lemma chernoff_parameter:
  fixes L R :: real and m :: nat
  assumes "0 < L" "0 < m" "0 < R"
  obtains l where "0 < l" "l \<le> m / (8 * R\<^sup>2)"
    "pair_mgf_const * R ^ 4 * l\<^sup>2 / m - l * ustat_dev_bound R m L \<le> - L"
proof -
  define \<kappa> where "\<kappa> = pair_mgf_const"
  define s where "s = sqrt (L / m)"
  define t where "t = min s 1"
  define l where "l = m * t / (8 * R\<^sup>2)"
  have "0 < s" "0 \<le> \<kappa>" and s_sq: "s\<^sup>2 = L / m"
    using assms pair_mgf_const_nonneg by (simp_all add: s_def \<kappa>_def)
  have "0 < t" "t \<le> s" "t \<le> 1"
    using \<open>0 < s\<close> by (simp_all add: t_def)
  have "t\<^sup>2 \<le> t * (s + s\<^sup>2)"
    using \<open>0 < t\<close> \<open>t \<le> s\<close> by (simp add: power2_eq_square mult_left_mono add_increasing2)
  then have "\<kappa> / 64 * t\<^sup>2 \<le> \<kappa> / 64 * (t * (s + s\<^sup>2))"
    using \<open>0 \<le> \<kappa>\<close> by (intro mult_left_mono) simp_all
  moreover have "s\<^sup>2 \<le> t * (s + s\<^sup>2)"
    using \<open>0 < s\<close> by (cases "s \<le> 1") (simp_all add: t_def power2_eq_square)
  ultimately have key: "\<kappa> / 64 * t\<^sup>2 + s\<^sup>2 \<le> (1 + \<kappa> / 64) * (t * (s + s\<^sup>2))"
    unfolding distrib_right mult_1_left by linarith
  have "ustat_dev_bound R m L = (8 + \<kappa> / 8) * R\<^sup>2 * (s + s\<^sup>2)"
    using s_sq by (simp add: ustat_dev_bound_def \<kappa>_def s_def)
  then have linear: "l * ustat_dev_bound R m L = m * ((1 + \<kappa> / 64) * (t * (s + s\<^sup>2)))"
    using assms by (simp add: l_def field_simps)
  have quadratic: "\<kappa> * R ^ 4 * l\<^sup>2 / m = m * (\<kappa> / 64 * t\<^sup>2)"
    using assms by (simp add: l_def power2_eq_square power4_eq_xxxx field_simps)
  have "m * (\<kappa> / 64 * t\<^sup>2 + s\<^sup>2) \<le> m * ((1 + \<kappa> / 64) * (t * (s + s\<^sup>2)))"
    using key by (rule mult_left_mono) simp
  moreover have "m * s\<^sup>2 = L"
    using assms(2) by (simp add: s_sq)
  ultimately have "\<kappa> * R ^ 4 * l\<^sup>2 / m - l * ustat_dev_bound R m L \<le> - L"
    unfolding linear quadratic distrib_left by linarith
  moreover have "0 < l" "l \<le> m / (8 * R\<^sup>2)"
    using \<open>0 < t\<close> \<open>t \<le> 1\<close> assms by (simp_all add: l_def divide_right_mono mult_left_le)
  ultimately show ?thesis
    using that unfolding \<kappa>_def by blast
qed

---

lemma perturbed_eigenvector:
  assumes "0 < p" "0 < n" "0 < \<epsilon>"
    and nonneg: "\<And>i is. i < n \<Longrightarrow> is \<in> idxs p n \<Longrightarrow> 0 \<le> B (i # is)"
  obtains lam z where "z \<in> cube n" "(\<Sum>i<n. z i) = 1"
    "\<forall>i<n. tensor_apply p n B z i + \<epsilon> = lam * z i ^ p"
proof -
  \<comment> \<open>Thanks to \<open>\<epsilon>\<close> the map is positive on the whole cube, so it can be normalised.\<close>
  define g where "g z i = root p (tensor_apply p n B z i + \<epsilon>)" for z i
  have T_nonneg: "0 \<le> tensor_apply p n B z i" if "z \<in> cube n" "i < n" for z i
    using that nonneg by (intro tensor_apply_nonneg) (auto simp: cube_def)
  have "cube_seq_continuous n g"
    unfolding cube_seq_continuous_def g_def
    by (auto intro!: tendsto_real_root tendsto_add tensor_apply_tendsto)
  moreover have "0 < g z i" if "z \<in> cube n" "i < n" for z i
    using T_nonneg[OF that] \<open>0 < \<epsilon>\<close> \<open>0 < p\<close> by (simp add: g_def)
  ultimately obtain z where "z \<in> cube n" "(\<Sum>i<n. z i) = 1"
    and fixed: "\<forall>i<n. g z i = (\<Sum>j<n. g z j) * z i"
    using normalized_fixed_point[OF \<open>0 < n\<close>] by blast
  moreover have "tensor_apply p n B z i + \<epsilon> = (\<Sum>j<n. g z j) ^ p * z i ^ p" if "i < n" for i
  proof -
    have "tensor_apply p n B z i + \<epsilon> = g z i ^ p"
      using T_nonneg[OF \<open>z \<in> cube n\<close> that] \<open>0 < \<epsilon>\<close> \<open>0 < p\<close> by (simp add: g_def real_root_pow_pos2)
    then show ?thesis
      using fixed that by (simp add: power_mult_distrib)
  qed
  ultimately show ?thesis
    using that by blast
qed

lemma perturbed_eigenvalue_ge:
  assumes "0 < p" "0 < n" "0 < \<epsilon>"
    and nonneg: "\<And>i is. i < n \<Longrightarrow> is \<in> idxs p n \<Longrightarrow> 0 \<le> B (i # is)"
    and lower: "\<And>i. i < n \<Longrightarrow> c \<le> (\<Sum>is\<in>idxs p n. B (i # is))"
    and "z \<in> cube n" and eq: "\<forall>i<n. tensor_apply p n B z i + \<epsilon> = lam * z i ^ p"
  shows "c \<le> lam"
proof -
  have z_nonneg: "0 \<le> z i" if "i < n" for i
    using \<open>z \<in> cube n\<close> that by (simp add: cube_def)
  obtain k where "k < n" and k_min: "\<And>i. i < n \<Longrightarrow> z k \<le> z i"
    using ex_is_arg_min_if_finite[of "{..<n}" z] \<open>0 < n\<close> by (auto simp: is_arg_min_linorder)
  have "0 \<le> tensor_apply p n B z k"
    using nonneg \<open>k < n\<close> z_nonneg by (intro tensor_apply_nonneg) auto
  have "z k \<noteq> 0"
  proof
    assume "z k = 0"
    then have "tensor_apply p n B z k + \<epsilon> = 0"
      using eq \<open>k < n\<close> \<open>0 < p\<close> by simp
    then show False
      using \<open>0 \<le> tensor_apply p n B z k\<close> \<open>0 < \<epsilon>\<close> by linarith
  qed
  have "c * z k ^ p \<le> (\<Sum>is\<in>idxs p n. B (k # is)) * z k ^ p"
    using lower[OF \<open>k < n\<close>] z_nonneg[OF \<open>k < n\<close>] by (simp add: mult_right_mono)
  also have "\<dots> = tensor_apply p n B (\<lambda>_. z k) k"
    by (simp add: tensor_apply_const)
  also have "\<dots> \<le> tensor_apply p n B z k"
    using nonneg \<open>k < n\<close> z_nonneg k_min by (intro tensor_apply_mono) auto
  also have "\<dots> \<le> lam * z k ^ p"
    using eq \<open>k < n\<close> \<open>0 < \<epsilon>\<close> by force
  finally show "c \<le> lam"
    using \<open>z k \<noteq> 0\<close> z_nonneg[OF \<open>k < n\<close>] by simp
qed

==

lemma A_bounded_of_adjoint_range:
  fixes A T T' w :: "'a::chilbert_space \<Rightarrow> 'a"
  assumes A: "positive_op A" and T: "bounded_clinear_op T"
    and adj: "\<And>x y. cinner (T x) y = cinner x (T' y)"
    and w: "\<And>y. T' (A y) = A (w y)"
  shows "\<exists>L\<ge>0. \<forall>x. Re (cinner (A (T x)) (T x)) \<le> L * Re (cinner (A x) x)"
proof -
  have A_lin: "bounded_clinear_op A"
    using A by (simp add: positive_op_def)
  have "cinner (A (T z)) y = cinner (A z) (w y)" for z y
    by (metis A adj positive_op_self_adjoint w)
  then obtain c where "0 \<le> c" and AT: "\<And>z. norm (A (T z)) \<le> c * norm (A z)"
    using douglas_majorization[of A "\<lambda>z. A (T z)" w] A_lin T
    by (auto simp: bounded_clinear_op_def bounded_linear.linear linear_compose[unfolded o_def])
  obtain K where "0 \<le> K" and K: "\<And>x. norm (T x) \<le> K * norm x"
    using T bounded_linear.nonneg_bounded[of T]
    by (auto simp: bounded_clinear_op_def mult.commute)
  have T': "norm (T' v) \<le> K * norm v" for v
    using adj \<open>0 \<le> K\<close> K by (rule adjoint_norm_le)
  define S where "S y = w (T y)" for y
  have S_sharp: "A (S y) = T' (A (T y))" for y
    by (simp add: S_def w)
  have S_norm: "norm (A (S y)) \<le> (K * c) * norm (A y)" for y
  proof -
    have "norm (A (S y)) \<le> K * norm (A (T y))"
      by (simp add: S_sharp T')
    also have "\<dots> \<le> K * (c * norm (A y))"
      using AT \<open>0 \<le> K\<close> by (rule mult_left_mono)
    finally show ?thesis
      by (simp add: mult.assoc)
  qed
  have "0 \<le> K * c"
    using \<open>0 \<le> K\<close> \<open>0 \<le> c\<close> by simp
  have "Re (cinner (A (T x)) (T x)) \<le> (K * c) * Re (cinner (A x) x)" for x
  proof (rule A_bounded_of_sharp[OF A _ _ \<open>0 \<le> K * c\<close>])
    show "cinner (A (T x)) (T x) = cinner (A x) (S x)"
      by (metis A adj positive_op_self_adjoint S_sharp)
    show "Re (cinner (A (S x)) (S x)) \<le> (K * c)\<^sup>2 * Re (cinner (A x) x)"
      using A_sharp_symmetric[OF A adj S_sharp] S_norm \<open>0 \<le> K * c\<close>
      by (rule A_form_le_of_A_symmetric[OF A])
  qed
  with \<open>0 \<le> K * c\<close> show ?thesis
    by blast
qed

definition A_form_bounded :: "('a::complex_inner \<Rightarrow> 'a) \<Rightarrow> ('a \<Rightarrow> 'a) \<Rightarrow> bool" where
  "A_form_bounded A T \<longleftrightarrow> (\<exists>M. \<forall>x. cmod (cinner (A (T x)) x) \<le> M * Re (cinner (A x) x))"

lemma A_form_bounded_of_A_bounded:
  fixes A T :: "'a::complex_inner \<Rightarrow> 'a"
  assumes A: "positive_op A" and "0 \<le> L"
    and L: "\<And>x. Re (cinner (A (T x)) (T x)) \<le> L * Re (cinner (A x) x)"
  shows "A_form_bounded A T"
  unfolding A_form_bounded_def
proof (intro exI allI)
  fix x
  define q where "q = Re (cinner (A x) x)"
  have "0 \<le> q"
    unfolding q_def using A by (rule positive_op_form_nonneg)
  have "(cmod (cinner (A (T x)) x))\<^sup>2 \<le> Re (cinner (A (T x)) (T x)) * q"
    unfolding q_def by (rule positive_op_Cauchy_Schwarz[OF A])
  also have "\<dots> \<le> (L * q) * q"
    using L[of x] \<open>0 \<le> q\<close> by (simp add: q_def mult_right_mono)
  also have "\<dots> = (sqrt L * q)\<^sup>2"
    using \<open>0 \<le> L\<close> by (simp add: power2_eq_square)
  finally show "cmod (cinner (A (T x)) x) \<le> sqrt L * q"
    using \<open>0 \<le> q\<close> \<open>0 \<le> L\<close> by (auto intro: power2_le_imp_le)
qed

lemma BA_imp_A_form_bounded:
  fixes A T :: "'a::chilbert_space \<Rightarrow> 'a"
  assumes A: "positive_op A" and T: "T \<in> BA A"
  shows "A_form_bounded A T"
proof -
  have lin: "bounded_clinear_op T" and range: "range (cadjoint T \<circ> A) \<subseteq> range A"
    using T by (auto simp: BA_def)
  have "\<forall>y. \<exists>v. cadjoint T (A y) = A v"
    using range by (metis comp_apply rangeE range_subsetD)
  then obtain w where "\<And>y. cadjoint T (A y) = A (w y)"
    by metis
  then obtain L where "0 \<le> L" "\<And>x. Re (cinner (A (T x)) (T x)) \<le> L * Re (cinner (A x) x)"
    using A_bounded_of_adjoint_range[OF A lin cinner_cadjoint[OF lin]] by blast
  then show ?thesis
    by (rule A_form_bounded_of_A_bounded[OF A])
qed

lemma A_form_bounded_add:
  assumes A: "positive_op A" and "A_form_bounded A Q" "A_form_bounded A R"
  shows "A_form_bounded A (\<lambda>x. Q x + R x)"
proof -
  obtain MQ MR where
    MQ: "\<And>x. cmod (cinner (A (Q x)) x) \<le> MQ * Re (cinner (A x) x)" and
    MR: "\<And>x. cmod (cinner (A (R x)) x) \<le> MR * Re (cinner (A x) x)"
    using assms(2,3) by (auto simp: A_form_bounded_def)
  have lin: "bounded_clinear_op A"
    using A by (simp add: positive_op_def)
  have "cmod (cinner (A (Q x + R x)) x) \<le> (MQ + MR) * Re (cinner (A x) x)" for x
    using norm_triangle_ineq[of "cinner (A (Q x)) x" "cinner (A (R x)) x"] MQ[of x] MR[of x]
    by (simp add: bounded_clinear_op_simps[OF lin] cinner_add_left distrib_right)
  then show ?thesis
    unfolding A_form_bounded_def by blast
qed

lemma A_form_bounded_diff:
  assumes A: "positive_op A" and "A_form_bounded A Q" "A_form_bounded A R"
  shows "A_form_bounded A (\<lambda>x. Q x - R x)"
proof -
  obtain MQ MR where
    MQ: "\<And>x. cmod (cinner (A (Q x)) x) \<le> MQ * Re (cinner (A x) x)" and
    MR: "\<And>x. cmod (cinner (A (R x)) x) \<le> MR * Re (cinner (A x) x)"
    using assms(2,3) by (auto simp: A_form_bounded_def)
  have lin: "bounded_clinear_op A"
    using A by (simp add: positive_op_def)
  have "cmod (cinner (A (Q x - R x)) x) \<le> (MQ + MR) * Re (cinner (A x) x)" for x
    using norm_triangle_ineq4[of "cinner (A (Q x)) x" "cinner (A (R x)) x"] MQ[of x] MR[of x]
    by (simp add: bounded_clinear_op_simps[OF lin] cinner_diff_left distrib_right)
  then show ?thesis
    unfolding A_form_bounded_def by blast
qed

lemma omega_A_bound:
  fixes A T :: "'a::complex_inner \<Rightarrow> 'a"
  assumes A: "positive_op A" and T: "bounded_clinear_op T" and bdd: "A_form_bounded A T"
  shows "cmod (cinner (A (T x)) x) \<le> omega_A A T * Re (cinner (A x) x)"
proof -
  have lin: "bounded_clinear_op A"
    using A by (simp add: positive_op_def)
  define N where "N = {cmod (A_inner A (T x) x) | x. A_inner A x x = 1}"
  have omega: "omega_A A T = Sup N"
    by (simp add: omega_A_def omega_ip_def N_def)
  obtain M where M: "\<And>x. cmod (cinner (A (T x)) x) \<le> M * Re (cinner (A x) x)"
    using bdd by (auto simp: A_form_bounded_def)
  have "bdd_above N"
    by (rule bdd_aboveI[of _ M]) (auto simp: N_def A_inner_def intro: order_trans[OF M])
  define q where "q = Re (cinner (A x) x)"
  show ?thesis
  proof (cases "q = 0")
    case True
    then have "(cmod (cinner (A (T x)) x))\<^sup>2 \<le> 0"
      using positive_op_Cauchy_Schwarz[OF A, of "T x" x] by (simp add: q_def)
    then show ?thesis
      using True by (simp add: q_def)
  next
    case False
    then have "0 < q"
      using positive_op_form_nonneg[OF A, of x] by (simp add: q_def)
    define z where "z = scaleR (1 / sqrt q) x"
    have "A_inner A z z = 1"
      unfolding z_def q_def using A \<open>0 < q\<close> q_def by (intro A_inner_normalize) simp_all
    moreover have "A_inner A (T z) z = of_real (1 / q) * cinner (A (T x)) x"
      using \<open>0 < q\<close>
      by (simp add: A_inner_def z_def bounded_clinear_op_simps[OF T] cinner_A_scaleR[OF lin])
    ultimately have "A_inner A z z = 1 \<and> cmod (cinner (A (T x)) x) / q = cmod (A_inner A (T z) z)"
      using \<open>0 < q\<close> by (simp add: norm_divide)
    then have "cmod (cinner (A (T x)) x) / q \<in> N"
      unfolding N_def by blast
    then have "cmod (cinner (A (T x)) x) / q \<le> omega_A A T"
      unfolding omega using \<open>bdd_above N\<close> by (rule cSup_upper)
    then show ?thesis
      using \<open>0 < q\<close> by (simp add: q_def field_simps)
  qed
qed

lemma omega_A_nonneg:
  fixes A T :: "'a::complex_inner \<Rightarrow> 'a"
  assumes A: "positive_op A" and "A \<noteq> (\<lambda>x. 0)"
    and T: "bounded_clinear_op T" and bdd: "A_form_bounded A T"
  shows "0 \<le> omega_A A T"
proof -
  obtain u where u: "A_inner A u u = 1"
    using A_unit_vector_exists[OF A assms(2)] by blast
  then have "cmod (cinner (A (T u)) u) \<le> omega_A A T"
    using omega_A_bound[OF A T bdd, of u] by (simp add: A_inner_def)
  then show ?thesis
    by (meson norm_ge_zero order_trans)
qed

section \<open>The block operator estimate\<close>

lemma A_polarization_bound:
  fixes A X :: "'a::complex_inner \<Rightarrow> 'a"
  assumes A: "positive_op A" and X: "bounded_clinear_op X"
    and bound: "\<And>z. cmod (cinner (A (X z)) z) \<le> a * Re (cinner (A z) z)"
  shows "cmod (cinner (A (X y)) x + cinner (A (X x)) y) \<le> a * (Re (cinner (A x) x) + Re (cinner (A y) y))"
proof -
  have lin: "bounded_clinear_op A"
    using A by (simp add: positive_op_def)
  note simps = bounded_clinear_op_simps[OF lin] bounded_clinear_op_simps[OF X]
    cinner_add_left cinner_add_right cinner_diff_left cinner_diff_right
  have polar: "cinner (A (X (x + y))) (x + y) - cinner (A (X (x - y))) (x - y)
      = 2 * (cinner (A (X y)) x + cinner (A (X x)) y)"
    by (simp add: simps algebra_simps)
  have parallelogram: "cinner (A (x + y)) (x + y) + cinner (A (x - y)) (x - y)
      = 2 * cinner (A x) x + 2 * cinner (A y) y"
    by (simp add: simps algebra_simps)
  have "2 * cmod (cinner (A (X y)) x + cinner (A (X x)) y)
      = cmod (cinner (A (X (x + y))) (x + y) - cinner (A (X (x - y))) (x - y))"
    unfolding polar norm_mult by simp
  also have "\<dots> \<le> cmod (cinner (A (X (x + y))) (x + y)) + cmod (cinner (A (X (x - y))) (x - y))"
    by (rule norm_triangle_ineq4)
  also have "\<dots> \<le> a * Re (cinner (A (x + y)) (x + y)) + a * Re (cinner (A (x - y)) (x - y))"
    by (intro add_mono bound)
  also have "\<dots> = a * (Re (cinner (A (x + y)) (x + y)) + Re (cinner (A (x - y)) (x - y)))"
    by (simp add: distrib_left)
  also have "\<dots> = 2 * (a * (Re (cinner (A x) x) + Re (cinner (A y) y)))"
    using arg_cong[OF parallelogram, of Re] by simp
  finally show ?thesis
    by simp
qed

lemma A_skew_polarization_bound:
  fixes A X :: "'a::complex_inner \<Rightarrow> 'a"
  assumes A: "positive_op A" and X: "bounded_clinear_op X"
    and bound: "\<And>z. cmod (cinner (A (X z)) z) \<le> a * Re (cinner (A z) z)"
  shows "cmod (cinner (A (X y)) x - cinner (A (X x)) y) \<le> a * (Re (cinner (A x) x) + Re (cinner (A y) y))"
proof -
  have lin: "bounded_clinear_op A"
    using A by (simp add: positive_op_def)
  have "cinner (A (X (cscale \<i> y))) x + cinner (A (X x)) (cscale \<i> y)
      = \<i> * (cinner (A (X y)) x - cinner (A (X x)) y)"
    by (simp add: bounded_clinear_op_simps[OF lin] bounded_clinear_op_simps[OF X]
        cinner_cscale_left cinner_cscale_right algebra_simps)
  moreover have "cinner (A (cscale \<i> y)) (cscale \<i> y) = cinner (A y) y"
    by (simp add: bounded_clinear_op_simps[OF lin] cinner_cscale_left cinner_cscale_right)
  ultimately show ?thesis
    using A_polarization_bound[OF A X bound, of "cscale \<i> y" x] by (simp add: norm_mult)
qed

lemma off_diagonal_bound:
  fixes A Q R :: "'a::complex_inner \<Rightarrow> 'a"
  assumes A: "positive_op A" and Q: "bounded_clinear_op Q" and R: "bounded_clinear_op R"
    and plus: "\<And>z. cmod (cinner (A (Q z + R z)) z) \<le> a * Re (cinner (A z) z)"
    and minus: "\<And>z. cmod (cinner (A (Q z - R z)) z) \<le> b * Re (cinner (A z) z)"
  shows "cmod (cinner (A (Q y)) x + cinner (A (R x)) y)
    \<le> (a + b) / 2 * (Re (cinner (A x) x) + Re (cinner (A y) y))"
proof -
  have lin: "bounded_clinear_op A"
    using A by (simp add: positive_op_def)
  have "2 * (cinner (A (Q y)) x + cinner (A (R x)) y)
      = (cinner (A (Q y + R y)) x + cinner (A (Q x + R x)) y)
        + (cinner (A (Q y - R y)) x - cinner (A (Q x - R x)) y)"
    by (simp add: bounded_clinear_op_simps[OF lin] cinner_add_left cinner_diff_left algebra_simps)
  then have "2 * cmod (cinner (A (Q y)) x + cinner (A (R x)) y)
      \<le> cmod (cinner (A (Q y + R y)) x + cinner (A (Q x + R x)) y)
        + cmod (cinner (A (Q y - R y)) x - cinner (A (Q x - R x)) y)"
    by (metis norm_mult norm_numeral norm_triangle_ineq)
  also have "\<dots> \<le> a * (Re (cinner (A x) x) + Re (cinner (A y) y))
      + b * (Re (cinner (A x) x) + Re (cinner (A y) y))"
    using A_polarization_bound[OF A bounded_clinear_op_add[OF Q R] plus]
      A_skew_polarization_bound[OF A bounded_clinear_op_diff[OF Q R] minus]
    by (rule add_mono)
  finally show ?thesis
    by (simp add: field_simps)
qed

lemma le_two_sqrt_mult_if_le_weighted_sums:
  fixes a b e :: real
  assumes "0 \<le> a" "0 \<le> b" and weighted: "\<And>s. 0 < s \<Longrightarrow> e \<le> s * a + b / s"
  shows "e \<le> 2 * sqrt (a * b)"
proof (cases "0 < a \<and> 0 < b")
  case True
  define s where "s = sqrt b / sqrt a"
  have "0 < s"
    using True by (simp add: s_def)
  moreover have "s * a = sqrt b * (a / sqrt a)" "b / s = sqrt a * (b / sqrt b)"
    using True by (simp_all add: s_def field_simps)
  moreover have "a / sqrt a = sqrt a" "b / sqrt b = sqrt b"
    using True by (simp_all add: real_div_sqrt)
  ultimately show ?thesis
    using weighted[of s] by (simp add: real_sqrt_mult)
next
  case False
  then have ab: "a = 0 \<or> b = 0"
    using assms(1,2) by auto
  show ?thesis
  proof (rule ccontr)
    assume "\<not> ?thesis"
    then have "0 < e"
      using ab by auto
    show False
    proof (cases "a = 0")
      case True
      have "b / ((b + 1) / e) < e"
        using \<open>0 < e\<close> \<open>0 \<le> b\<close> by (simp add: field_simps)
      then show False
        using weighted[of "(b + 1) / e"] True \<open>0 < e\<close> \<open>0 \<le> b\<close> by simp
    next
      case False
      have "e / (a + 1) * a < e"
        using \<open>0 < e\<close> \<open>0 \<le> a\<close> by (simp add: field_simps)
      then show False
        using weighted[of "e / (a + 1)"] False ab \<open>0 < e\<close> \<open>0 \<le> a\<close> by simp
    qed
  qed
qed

Assignment:
Your answer should be the lines above that contain the word "lambda", copied out.

Response area:
  also have "\<dots> = tensor_apply p n B (\<lambda>_. z k) k"
    using douglas_majorization[of A "\<lambda>z. A (T z)" w] A_lin T
  shows "A_form_bounded A (\<lambda>x. Q x + R x)"
  shows "A_form_bounded A (\<lambda>x. Q x - R x)"
  assumes A: "positive_op A" and "A \<noteq> (\<lambda>x. 0)"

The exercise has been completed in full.